───── Dataset records

definition left_oscillation :: "(real \<Rightarrow> 'a \<Rightarrow> real ^ 'd) \<Rightarrow> real \<Rightarrow> real \<Rightarrow> 'a \<Rightarrow> real" where
  "left_oscillation S a t \<omega> = (SUP u\<in>{a..t}. maxnorm (S u \<omega> - S t \<omega>))"

lemma Sstar_le_left_oscillation:
  assumes cont: "continuous_on {0..T} (\<lambda>u. S u \<omega>)"
    and "0 \<le> a" "a \<le> \<tau> \<omega>" "\<tau> \<omega> \<le> t" "t \<le> T"
  shows "Sstar S T \<tau> \<omega> \<le> 2 * left_oscillation S a t \<omega> + Sstar S T (\<lambda>_. t) \<omega>"
proof -
  let ?g = "\<lambda>u. infnorm (S u \<omega> - S t \<omega>)"
  have g_cont: "continuous_on {0..T} ?g"
    using cont by (intro continuous_intros)
  have left: "?g u \<le> left_oscillation S a t \<omega>" if "u \<in> {a..t}" for u
    unfolding left_oscillation_def maxnorm_eq_infnorm
    using that assms by (intro le_SUP_continuous_on[OF g_cont]) auto
  have right: "?g u \<le> Sstar S T (\<lambda>_. t) \<omega>" if "u \<in> {t..T}" for u
    unfolding Sstar_def maxnorm_eq_infnorm
    using that assms by (intro le_SUP_continuous_on[OF g_cont]) auto
  have "0 \<le> left_oscillation S a t \<omega>" "0 \<le> Sstar S T (\<lambda>_. t) \<omega>"
    using left[of t] right[of t] assms by (auto simp: infnorm_0)
  have "infnorm (S u \<omega> - S (\<tau> \<omega>) \<omega>) \<le> 2 * left_oscillation S a t \<omega> + Sstar S T (\<lambda>_. t) \<omega>"
    if "u \<in> {\<tau> \<omega>..T}" for u
  proof -
    have "infnorm (S u \<omega> - S (\<tau> \<omega>) \<omega>) \<le> ?g u + ?g (\<tau> \<omega>)"
      using infnorm_triangle[of "S u \<omega> - S t \<omega>" "S t \<omega> - S (\<tau> \<omega>) \<omega>"]
      by (simp add: infnorm_sub[of "S t \<omega>"])
    moreover have "?g (\<tau> \<omega>) \<le> left_oscillation S a t \<omega>"
      using assms by (intro left) auto
    moreover have "?g u \<le> left_oscillation S a t \<omega> + Sstar S T (\<lambda>_. t) \<omega>"
      using left[of u] right[of u] that \<open>0 \<le> left_oscillation S a t \<omega>\<close> \<open>0 \<le> Sstar S T (\<lambda>_. t) \<omega>\<close> assms
      by (cases "u \<le> t") auto
    ultimately show ?thesis by linarith
  qed
  then show ?thesis
    unfolding Sstar_def[of S T \<tau>] maxnorm_eq_infnorm using assms by (intro cSUP_least) auto
qed

lemma left_oscillation_small:
  assumes cont: "continuous_on {0..T} (\<lambda>u. S u \<omega>)" and "0 < \<epsilon>"
  obtains d where "0 < d"
    and "\<And>a t. 0 \<le> a \<Longrightarrow> a \<le> t \<Longrightarrow> t \<le> T \<Longrightarrow> t - a < d \<Longrightarrow> left_oscillation S a t \<omega> < \<epsilon>"
proof -
  obtain d where "0 < d" and d: "\<forall>u\<in>{0..T}. \<forall>v\<in>{0..T}. dist u v < d \<longrightarrow> dist (S u \<omega>) (S v \<omega>) < \<epsilon> / 2"
    using compact_uniformly_continuous[OF cont compact_Icc] \<open>0 < \<epsilon>\<close>
    unfolding uniformly_continuous_on_def by (meson half_gt_zero)
  have "left_oscillation S a t \<omega> < \<epsilon>" if "0 \<le> a" "a \<le> t" "t \<le> T" "t - a < d" for a t
  proof -
    have "infnorm (S u \<omega> - S t \<omega>) \<le> \<epsilon> / 2" if "u \<in> {a..t}" for u
    proof -
      have "dist (S u \<omega>) (S t \<omega>) < \<epsilon> / 2"
        using d that \<open>0 \<le> a\<close> \<open>t \<le> T\<close> \<open>t - a < d\<close> by (auto simp: dist_real_def)
      then show ?thesis using infnorm_le_norm[of "S u \<omega> - S t \<omega>"] by (simp add: dist_norm)
    qed
    then have "left_oscillation S a t \<omega> \<le> \<epsilon> / 2"
      unfolding left_oscillation_def maxnorm_eq_infnorm using \<open>a \<le> t\<close> by (intro cSUP_least) auto
    then show ?thesis using \<open>0 < \<epsilon>\<close> by linarith
  qed
  with \<open>0 < d\<close> show ?thesis by (rule that)
qed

──────────

What to produce
Repeat each line of the data above, exactly as it appears, from the first through the line that contains "unfolding Sstar_def maxnorm_eq_infnorm".

Your response
definition left_oscillation :: "(real \<Rightarrow> 'a \<Rightarrow> real ^ 'd) \<Rightarrow> real \<Rightarrow> real \<Rightarrow> 'a \<Rightarrow> real" where
  "left_oscillation S a t \<omega> = (SUP u\<in>{a..t}. maxnorm (S u \<omega> - S t \<omega>))"

lemma Sstar_le_left_oscillation:
  assumes cont: "continuous_on {0..T} (\<lambda>u. S u \<omega>)"
    and "0 \<le> a" "a \<le> \<tau> \<omega>" "\<tau> \<omega> \<le> t" "t \<le> T"
  shows "Sstar S T \<tau> \<omega> \<le> 2 * left_oscillation S a t \<omega> + Sstar S T (\<lambda>_. t) \<omega>"
proof -
  let ?g = "\<lambda>u. infnorm (S u \<omega> - S t \<omega>)"
  have g_cont: "continuous_on {0..T} ?g"
    using cont by (intro continuous_intros)
  have left: "?g u \<le> left_oscillation S a t \<omega>" if "u \<in> {a..t}" for u
    unfolding left_oscillation_def maxnorm_eq_infnorm
    using that assms by (intro le_SUP_continuous_on[OF g_cont]) auto
  have right: "?g u \<le> Sstar S T (\<lambda>_. t) \<omega>" if "u \<in> {t..T}" for u
    unfolding Sstar_def maxnorm_eq_infnorm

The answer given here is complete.